No dia seguinte, mais calma, dizia ver um senhor chamando-a na porta. Dizia ver uma mulher acenando ao fundo. "Tudo era muito belo!"
Dois dias antes, mamãe havia recomendado que "depois de amanhã" queria todos os filhos no quarto, com ela, na hora em que o sol se pusesse. Nessa hora queria despedir-se de todos, pois estava a caminho da eternidade.
Seu pedido foi atendido e, no dia 17 de abril, às seis horas da tarde, na hora do sol se pôr, estávamos todos lá ao seu lado, no seu quarto. A cama grande, o colchão de palha de milho cortava o silêncio da morte; as cortinas iam e vinham embaladas pelo vento. As paredes brancas pintadas por cal já desbotado, a capelinha numa mesinha ao lado e mais alguns objetos sacros trazidos pela Inês compunham o cenário da morte. E, no momento por ela indicado, exclamou que agora, sim, havia chegado a sua hora! Olhou para todos os que estavam no quarto: filhos, netos e outros amigos, apertou a mão de cada um, despedindo-se serenamente com um adeus! E, olhando para a nora Inês, pediu que lembrasse do que haviam combinado...
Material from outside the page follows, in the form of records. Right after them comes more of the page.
(* Let $f:[0,1]\to\mathbb{R}$ with $f(0),f(1)\in\mathbb{Z}$, let $n\in\mathbb{N}_+$, $n\ge 2$, and let $\Phi_n:[0,1]\to\mathbb{R}$ satisfy \[ \Phi_n\left(\tfrac{2}{n}\right)-2\Phi_n\left(\tfrac{1}{n}\right)+\Phi_n(0)\ge\binom{n}{2}^{-1}, \] \[ \Phi_n\left(\tfrac{k+2}{n}\right)-2\Phi_n\left(\tfrac{k+1}{n}\right)+\Phi_n\left(\tfrac{k}{n}\right)\ge\binom{n}{k}^{-1}+\binom{n}{k+2}^{-1},\quad k=1,\dots,n-3 \ (\text{when } n\ge 4), \] \[ \Phi_n(1)-2\Phi_n\left(\tfrac{n-1}{n}\right)+\Phi_n\left(\tfrac{n-2}{n}\right)\ge\binom{n}{n-2}^{-1}. \] If $f(x)-\Phi_n(x)$ is convex on $[0,1]$, then $\widetilde{B}_n(f)$ is convex on $[0,1]$.
   Context: For $n\in\mathbb{N}_+$ and $f:[0,1]\to\mathbb{R}$, $\widetilde{B}_n(f)(x):=\sum_{k=0}^n \left[f\left(\frac{k}{n}\right)\binom{n}{k}\right]x^k(1-x)^{n-k}$, where $[\alpha]$ is the largest integer $\le\alpha$. *)

theory Defs
  imports "HOL-Analysis.Analysis"
begin

definition Btilde :: "nat \<Rightarrow> (real \<Rightarrow> real) \<Rightarrow> real \<Rightarrow> real" where
  "Btilde n f x = (\<Sum>k=0..n. of_int \<lfloor>f (real k / real n) * real (n choose k)\<rfloor>
                       * x ^ k * (1 - x) ^ (n - k))"

end

theory Submission
  imports Defs
begin

text \<open>\<open>Btilde n f\<close> is the Bernstein polynomial whose k-th coefficient is f(k/n) rounded
  down to a multiple of 1/C(n,k). The rounding error lies in [0, 1/C(n,k)] and vanishes at
  k = 0 and k = n, where f is integer-valued. So the second differences of the coefficients are
  at least those of f - \<Phi> (nonnegative by convexity) plus those of \<Phi> minus the two outer
  rounding errors, which the hypotheses make nonnegative. A Bernstein polynomial whose
  coefficients have nonnegative second differences is convex: its second derivative is n(n-1)
  times the Bernstein polynomial of degree n-2 with these second differences as coefficients.\<close>

lemma Bernstein_has_real_derivative:
  assumes "k \<le> n"
  shows "(Bernstein n k has_real_derivative
     real n * ((if k = 0 then 0 else Bernstein (n-1) (k-1) x) - Bernstein (n-1) k x)) (at x)"
proof -
  have D: "(Bernstein n k has_real_derivative
     real (n choose k) * (real k * x^(k-1)) * (1-x)^(n-k)
       + real (n choose k) * x^k * (real (n-k) * (1-x)^(n-k-1) * (-1))) (at x)"
    unfolding Bernstein_def[abs_def] by (auto intro!: derivative_eq_intros)
  have c2: "real (n-k) * real (n choose k) = real n * real ((n-1) choose k)"
    using binomial_absorb_comp[of n k] by (metis of_nat_mult)
  have e2: "n - k - 1 = n - 1 - k" by simp
  show ?thesis
  proof (cases k)
    case 0
    then show ?thesis using D c2 assms by (simp add: Bernstein_def algebra_simps)
  next
    case (Suc j)
    have c1: "real (Suc j) * real (n choose Suc j) = real n * real ((n-1) choose j)"
      using binomial_absorption[of j n] by (metis of_nat_mult)
    have e1: "n - Suc j = n - 1 - j" by simp
    have "real (n choose k) * (real k * x^(k-1)) * (1-x)^(n-k)
            + real (n choose k) * x^k * (real (n-k) * (1-x)^(n-k-1) * (-1))
        = (real k * real (n choose k)) * x^(k-1) * (1-x)^(n-k)
            - (real (n-k) * real (n choose k)) * x^k * (1-x)^(n-k-1)"
      by (simp add: algebra_simps)
    also have "\<dots> = real n * (Bernstein (n-1) (k-1) x - Bernstein (n-1) k x)"
      unfolding c2 e2 using c1 e1 Suc by (simp add: Bernstein_def algebra_simps)
    finally show ?thesis using D Suc by simp
  qed
qed

definition Bernstein_poly :: "nat \<Rightarrow> (nat \<Rightarrow> real) \<Rightarrow> real \<Rightarrow> real" where
  "Bernstein_poly n c x = (\<Sum>k\<le>n. c k * Bernstein n k x)"

lemma Bernstein_poly_has_real_derivative:
  "(Bernstein_poly n c has_real_derivative
     real n * Bernstein_poly (n-1) (\<lambda>k. c (Suc k) - c k) x) (at x)"
proof (cases n)
  case 0
  then show ?thesis unfolding Bernstein_poly_def[abs_def] Bernstein_def by simp
next
  case (Suc p)
  let ?B' = "\<lambda>k. (if k = 0 then 0 else Bernstein (n-1) (k-1) x) - Bernstein (n-1) k x"
  have "(Bernstein_poly n c has_real_derivative (\<Sum>k\<le>n. c k * (real n * ?B' k))) (at x)"
    unfolding Bernstein_poly_def[abs_def]
    by (intro DERIV_sum DERIV_cmult Bernstein_has_real_derivative) simp
  also have "(\<Sum>k\<le>n. c k * (real n * ?B' k))
      = real n * ((\<Sum>k\<le>n. c k * (if k = 0 then 0 else Bernstein (n-1) (k-1) x))
                  - (\<Sum>k\<le>n. c k * Bernstein (n-1) k x))"
    by (simp add: sum_distrib_left algebra_simps sum_subtractf)
  also have "(\<Sum>k\<le>n. c k * (if k = 0 then 0 else Bernstein (n-1) (k-1) x))
      = (\<Sum>k\<le>p. c (Suc k) * Bernstein p k x)"
    unfolding Suc by (subst sum.atMost_Suc_shift) simp
  also have "(\<Sum>k\<le>n. c k * Bernstein (n-1) k x) = (\<Sum>k\<le>p. c k * Bernstein p k x)"
    unfolding Suc by (simp add: Bernstein_def)
  also have "real n * ((\<Sum>k\<le>p. c (Suc k) * Bernstein p k x) - (\<Sum>k\<le>p. c k * Bernstein p k x))
      = real n * Bernstein_poly (n-1) (\<lambda>k. c (Suc k) - c k) x"
    by (simp add: Bernstein_poly_def Suc left_diff_distrib sum_subtractf)
  finally show ?thesis .
qed

lemma Bernstein_poly_nonneg:
  assumes "\<And>k. k \<le> n \<Longrightarrow> c k \<ge> 0" and "x \<in> {0..1}"
  shows "Bernstein_poly n c x \<ge> 0"
  unfolding Bernstein_poly_def using assms
  by (intro sum_nonneg mult_nonneg_nonneg) (auto intro: Bernstein_nonneg)

lemma convex_on_Bernstein_poly:
  assumes "\<And>k. k + 2 \<le> n \<Longrightarrow> c (k + 2) - 2 * c (k + 1) + c k \<ge> 0"
  shows "convex_on {0..1} (Bernstein_poly n c)"
proof (rule f''_ge0_imp_convex)
  let ?c' = "\<lambda>k. c (Suc k) - c k"
  let ?c'' = "\<lambda>k. ?c' (Suc k) - ?c' k"
  fix x :: real
  show "(Bernstein_poly n c has_real_derivative real n * Bernstein_poly (n-1) ?c' x) (at x)"
    by (rule Bernstein_poly_has_real_derivative)
  show "((\<lambda>x. real n * Bernstein_poly (n-1) ?c' x) has_real_derivative
      real n * (real (n-1) * Bernstein_poly (n-1-1) ?c'' x)) (at x)"
    by (intro DERIV_cmult Bernstein_poly_has_real_derivative)
  assume x: "x \<in> {0..1}"
  show "real n * (real (n-1) * Bernstein_poly (n-1-1) ?c'' x) \<ge> 0"
  proof (cases "n \<ge> 2")
    case True
    then have "Bernstein_poly (n-1-1) ?c'' x \<ge> 0"
      using assms x by (intro Bernstein_poly_nonneg) (auto simp: algebra_simps)
    then show ?thesis by simp
  qed auto
qed simp

lemma convex_on_second_difference_nonneg:
  fixes x h :: real
  assumes "convex_on S g" "x \<in> S" "x + 2 * h \<in> S"
  shows "g (x + 2 * h) - 2 * g (x + h) + g x \<ge> 0"
proof -
  have "(1 - 1/2) *\<^sub>R x + (1/2) *\<^sub>R (x + 2 * h) = x + h" by (simp add: field_simps)
  then have "g (x + h) \<le> (1 - 1/2) * g x + 1/2 * g (x + 2 * h)"
    using convex_onD[OF assms(1), of "1/2" x "x + 2 * h"] assms(2,3) by simp
  then show ?thesis by simp
qed

lemma floor_mult_divide_bounds:
  fixes t c :: real
  assumes "c > 0"
  shows "0 \<le> t - \<lfloor>t * c\<rfloor> / c" and "t - \<lfloor>t * c\<rfloor> / c \<le> 1 / c"
proof -
  have "t - \<lfloor>t * c\<rfloor> / c = (t * c - \<lfloor>t * c\<rfloor>) / c" using assms by (simp add: field_simps)
  moreover have "0 \<le> t * c - \<lfloor>t * c\<rfloor>" "t * c - \<lfloor>t * c\<rfloor> \<le> 1" by linarith+
  ultimately show "0 \<le> t - \<lfloor>t * c\<rfloor> / c" "t - \<lfloor>t * c\<rfloor> / c \<le> 1 / c"
    using assms by (simp_all add: divide_right_mono)
qed

definition Btilde_coeff :: "nat \<Rightarrow> (real \<Rightarrow> real) \<Rightarrow> nat \<Rightarrow> real" where
  "Btilde_coeff n f k = \<lfloor>f (real k / real n) * real (n choose k)\<rfloor> / real (n choose k)"

lemma Btilde_eq_Bernstein_poly: "Btilde n f = Bernstein_poly n (Btilde_coeff n f)"
  unfolding Btilde_def Bernstein_poly_def Btilde_coeff_def Bernstein_def atMost_atLeast0
  by (intro ext sum.cong) auto

lemma Btilde_coeff_bounds:
  assumes "k \<le> n"
  shows "0 \<le> f (real k / real n) - Btilde_coeff n f k"
    and "f (real k / real n) - Btilde_coeff n f k \<le> 1 / real (n choose k)"
  using floor_mult_divide_bounds assms unfolding Btilde_coeff_def by simp_all

lemma Btilde_coeff_0: "f 0 \<in> \<int> \<Longrightarrow> Btilde_coeff n f 0 = f 0"
  by (auto simp: Btilde_coeff_def elim: Ints_cases)

lemma Btilde_coeff_n: "f 1 \<in> \<int> \<Longrightarrow> n > 0 \<Longrightarrow> Btilde_coeff n f n = f 1"
  by (auto simp: Btilde_coeff_def elim: Ints_cases)

lemma Btilde_coeff_second_difference_nonneg:
  fixes f \<Phi> :: "real \<Rightarrow> real"
  assumes "f 0 \<in> \<int>" "f 1 \<in> \<int>" "convex_on {0..1} (\<lambda>x. f x - \<Phi> x)" "k + 2 \<le> n"
    and "\<Phi> (real (k + 2) / real n) - 2 * \<Phi> (real (k + 1) / real n) + \<Phi> (real k / real n)
      \<ge> (if k = 0 then 0 else 1 / real (n choose k))
          + (if k + 2 = n then 0 else 1 / real (n choose (k + 2)))"
  shows "Btilde_coeff n f (k + 2) - 2 * Btilde_coeff n f (k + 1) + Btilde_coeff n f k \<ge> 0"
proof -
  define e where "e j = f (real j / real n) - Btilde_coeff n f j" for j
  have "e k \<le> (if k = 0 then 0 else 1 / real (n choose k))"
    using Btilde_coeff_bounds(2)[of k n f] Btilde_coeff_0[of f n, OF assms(1)] assms(4)
    by (auto simp: e_def)
  moreover have "e (k + 2) \<le> (if k + 2 = n then 0 else 1 / real (n choose (k + 2)))"
    using Btilde_coeff_bounds(2)[of "k + 2" n f] Btilde_coeff_n[of f n, OF assms(2)] assms(4)
    by (auto simp: e_def)
  moreover have "e (k + 1) \<ge> 0"
    using Btilde_coeff_bounds(1)[of "k + 1" n f] assms(4) by (simp add: e_def)
  moreover have "(f - \<Phi>) (real (k + 2) / real n) - 2 * (f - \<Phi>) (real (k + 1) / real n)
      + (f - \<Phi>) (real k / real n) \<ge> 0"
  proof -
    have "real (k + 1) / real n = real k / real n + 1 / real n"
      and "real (k + 2) / real n = real k / real n + 2 * (1 / real n)"
      by (simp_all add: add_divide_distrib)
    moreover have "real k / real n \<in> {0..1}" "real (k + 2) / real n \<in> {0..1}"
      using assms(4) by (auto simp: divide_le_eq_1)
    ultimately show ?thesis
      using convex_on_second_difference_nonneg[OF assms(3), of "real k / real n" "1 / real n"]
      by (simp add: fun_diff_def)
  qed
  ultimately show ?thesis using assms(5) by (simp add: e_def fun_diff_def)
qed

theorem proposition3p1:
  fixes f \<Phi> :: "real \<Rightarrow> real" and n :: nat
  assumes f0: "f 0 \<in> \<int>" and f1: "f 1 \<in> \<int>"
    and n2: "n \<ge> 2"
    and first: "\<Phi> (2 / real n) - 2 * \<Phi> (1 / real n) + \<Phi> 0 \<ge> 1 / real (n choose 2)"
    and middle: "\<And>k. 1 \<le> k \<Longrightarrow> k + 3 \<le> n \<Longrightarrow>
        \<Phi> (real (k + 2) / real n) - 2 * \<Phi> (real (k + 1) / real n) + \<Phi> (real k / real n)
          \<ge> 1 / real (n choose k) + 1 / real (n choose (k + 2))"
    and last: "\<Phi> 1 - 2 * \<Phi> (real (n - 1) / real n) + \<Phi> (real (n - 2) / real n)
          \<ge> 1 / real (n choose (n - 2))"
    and conv: "convex_on {0..1} (\<lambda>x. f x - \<Phi> x)"
  shows "convex_on {0..1} (Btilde n f)"
  unfolding Btilde_eq_Bernstein_poly
proof (rule convex_on_Bernstein_poly, rule Btilde_coeff_second_difference_nonneg[OF f0 f1 conv])
  fix k assume k: "k + 2 \<le> n"
  then show "k + 2 \<le> n" .
  consider "k = 0" | "k \<noteq> 0" "k + 2 = n" | "k \<ge> 1" "k + 3 \<le> n" using k by linarith
  then show "\<Phi> (real (k + 2) / real n) - 2 * \<Phi> (real (k + 1) / real n) + \<Phi> (real k / real n)
      \<ge> (if k = 0 then 0 else 1 / real (n choose k))
          + (if k + 2 = n then 0 else 1 / real (n choose (k + 2)))"
  proof cases
    case 1
    then show ?thesis using first k by (auto simp: numeral_2_eq_2 intro: order_trans[rotated])
  next
    case 2
    then have "real (k + 1) = real (n - 1)" "k = n - 2" "real n \<noteq> 0" by auto
    then show ?thesis using last 2 by simp
  qed (use middle in simp)
qed

end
Inês, que tinha tudo preparado, pegou a vela, acendeu-a, pegou o crucifixo, o terço, alcançou-os a minha mãe, colocando a vela e o terço na mão esquerda e o crucifixo na mão direita.
Josefina, segurando-os, deu um suspiro, mais um, e, largou tudo... Restando apenas um profundo silêncio no quarto.
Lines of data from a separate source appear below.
fun builder_wins_within :: "ograph \<Rightarrow> ograph \<Rightarrow> nat \<Rightarrow> (nat \<times> nat) set \<Rightarrow> (nat \<times> nat) set \<Rightarrow> bool" where
  "builder_wins_within G1 G2 0 R B = builder_won G1 G2 R B"
| "builder_wins_within G1 G2 (Suc t) R B =
     (builder_won G1 G2 R B \<or>
      (\<exists>a b. a < b \<and> (a,b) \<notin> R \<and> (a,b) \<notin> B \<and>
         builder_wins_within G1 G2 t (insert (a,b) R) B \<and>
         builder_wins_within G1 G2 t R (insert (a,b) B)))"

(* online ordered Ramsey number; infinity if Builder cannot force a win *)
definition online_ordered_ramsey :: "ograph \<Rightarrow> ograph \<Rightarrow> enat" where
  "online_ordered_ramsey G1 G2 = (INF t \<in> {t. builder_wins_within G1 G2 t {} {}}. enat t)"

end

theory Submission
  imports Defs
begin

text \<open>
  Builder first joins the left vertices \<open>0, \<dots>, n - 1\<close> to \<open>2 n\<^sup>2\<close> widely spaced candidate
  vertices. Unless \<open>n\<close> candidates see only blue edges (a blue \<open>K\<^sub>n\<^sub>,\<^sub>n\<close>), pigeonhole gives a
  left vertex \<open>l\<close> with \<open>2 n\<close> red edges to candidates: the lower \<open>n\<close> of them form a set \<open>A\<close>
  of ends of red increasing paths from \<open>l\<close>, the upper \<open>n\<close> a set \<open>C\<close> of red neighbours of \<open>l\<close>.
  In each of \<open>k - 3\<close> rounds Builder joins \<open>A\<close> to \<open>2 n - 1\<close> fresh vertices between \<open>A\<close> and
  \<open>C\<close>: either \<open>n\<close> of them receive only blue edges (a blue \<open>K\<^sub>n\<^sub>,\<^sub>n\<close>), or \<open>n\<close> of them receive
  a red edge and replace \<open>A\<close>, the red paths becoming one edge longer. Finally Builder joins
  \<open>A\<close> to \<open>C\<close>: a red edge closes a red \<open>C\<^sub>k\<close> through \<open>l\<close>, and otherwise \<open>A \<times> C\<close> is a blue
  \<open>K\<^sub>n\<^sub>,\<^sub>n\<close>. The three phases cost \<open>2 n\<^sup>3\<close>, \<open>(k - 3) n (2 n - 1)\<close> and \<open>n\<^sup>2\<close> turns.
\<close>

lemma builder_wins_within_if_won:
  "builder_won G1 G2 R B \<Longrightarrow> builder_wins_within G1 G2 t R B"
  by (cases t) auto
lemma excess_nonpos_if_psubset_circuit:
  assumes "C \<in> circuits" "Y \<subset> C"
  shows "excess ends Y \<le> 0"
proof (rule ccontr)
  assume "\<not> excess ends Y \<le> 0"
  then have "1 \<le> excess ends Y" by linarith
  moreover have "Y \<subseteq> E"
    using assms circuit_subset_edges by blast
  ultimately obtain D where "D \<in> circuits" "D \<subseteq> Y"
    using exists_circuit_subset by blast
  then have "D = C"
    using assms unfolding bic_circuits_def by blast
  with \<open>D \<subseteq> Y\<close> assms(2) show False by blast
qed

lemma singleton_not_circuit: "{e} \<notin> circuits"
proof
  assume "{e} \<in> circuits"
  then have "e \<in> E" "excess ends {e} = 1"
    using circuit_subset_edges excess_circuit by auto
  then show False
    using card_ends[of e] by (simp add: excess_def verts_def)
qed

lemma excess_Un_disjoint_ge:
  assumes "X \<subseteq> E" "Y \<subseteq> E" "X \<inter> Y = {}" "verts ends X \<inter> verts ends Y \<noteq> {}"
  shows "excess ends X + excess ends Y + 1 \<le> excess ends (X \<union> Y)"
proof -
  have fin: "finite (verts ends X)" "finite (verts ends Y)"
    using assms(1,2) by (auto intro: finite_verts)
  then have "1 \<le> card (verts ends X \<inter> verts ends Y)"
    using assms(4) by (simp add: Suc_le_eq card_gt_0_iff)
  moreover have "card (X \<union> Y) = card X + card Y"
    using assms(1-3) finite_subset_edges by (intro card_Un_disjoint) auto
  moreover have "card (verts ends (X \<union> Y)) + card (verts ends X \<inter> verts ends Y)
      = card (verts ends X) + card (verts ends Y)"
    unfolding verts_Un using fin by (rule card_Un_Int[symmetric])
  ultimately show ?thesis
    unfolding excess_def by linarith
qed
lemma resolvent_eq_geometric_compose:
  "Abs_fps (\<lambda>n. poly (P n) x) = inverse w * (Abs_fps (\<lambda>n. x ^ n) oo (u * inverse w))"
proof -
  define v where "v = u * inverse w"
  have v0: "v $ 0 = 0"
    using u0 by (simp add: v_def)
  have "w - fps_const x * u = w * (1 - fps_const x * v)"
    using w0 by (simp add: v_def algebra_simps inverse_mult_eq_1')
  also have "1 - fps_const x * v = (1 - fps_const x * fps_X) oo v"
    using v0 by (simp add: fps_compose_sub_distrib flip: fps_const_mult_apply_left)
  finally have "inverse (w - fps_const x * u) = inverse w * inverse ((1 - fps_const x * fps_X) oo v)"
    using w0 by (simp add: fps_inverse_mult)
  also have "inverse ((1 - fps_const x * fps_X) oo v) = Abs_fps (\<lambda>n. x ^ n) oo v"
    using v0 by (simp add: fps_inverse_one_minus_const_X flip: fps_inverse_compose)
  finally show ?thesis
    by (simp add: resolvent v_def)
qed

lemma moment_fps_compose_eq:
  "Abs_fps (moment M) oo (u * inverse w) = w"
proof -
  have "1 = fps_lebesgue_integral M (\<lambda>x. Abs_fps (\<lambda>n. poly (P n) x))"
    using fps_lebesgue_integral_orthogonal[of M P, OF prob P0 orth] by simp
  also have "\<dots> = inverse w * (Abs_fps (moment M) oo (u * inverse w))"
    by (simp add: resolvent_eq_geometric_compose fps_lebesgue_integral_mult_left
        integrable_geometric_compose_nth fps_lebesgue_integral_geometric_compose moments)
  finally have integral_eq_1: "inverse w * (Abs_fps (moment M) oo (u * inverse w)) = 1" ..
  have "Abs_fps (moment M) oo (u * inverse w) = w * inverse w * (Abs_fps (moment M) oo (u * inverse w))"
    using w0 by (simp add: inverse_mult_eq_1')
  also have "\<dots> = w"
    by (simp only: mult.assoc integral_eq_1 mult_1_right)
  finally show ?thesis .
qed

lemma cauchy_fps_compose_eq: "cauchy_fps M oo (u * inverse w) = u"
proof -
  have "cauchy_fps M = fps_X * Abs_fps (moment M)"
    by (rule fps_ext) (simp add: cauchy_fps_def fps_X_mult_nth)
  then have "cauchy_fps M oo (u * inverse w) = u * inverse w * w"
    using u0 by (simp add: fps_compose_mult_distrib moment_fps_compose_eq)
  then show ?thesis
    using w0 by (simp add: inverse_mult_eq_1)
qed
Minha mãe partiu... Deixou esse espaço e tempo. O tempo em que se ouvia o badalar dos sinos...
Por muito tempo eu fiquei com essa história na lembrança; sem saber ao certo se era verdade ou se era uma história inventada por minha mãe para impressionar aos filhos. Quando cresci, soube que era verdade. Hoje, quando me lembro desse relato e da emoção com que minha mãe contava essa história, me sinto insensível por ter duvidado de sua veracidade, pois a morte de sua mãe foi uma lição de como viver e como morrer. Até nessa hora, ela cumpriu com seu papel de mãe.

Texto escrito com base na história de Thereza Silvestrim Lovatto.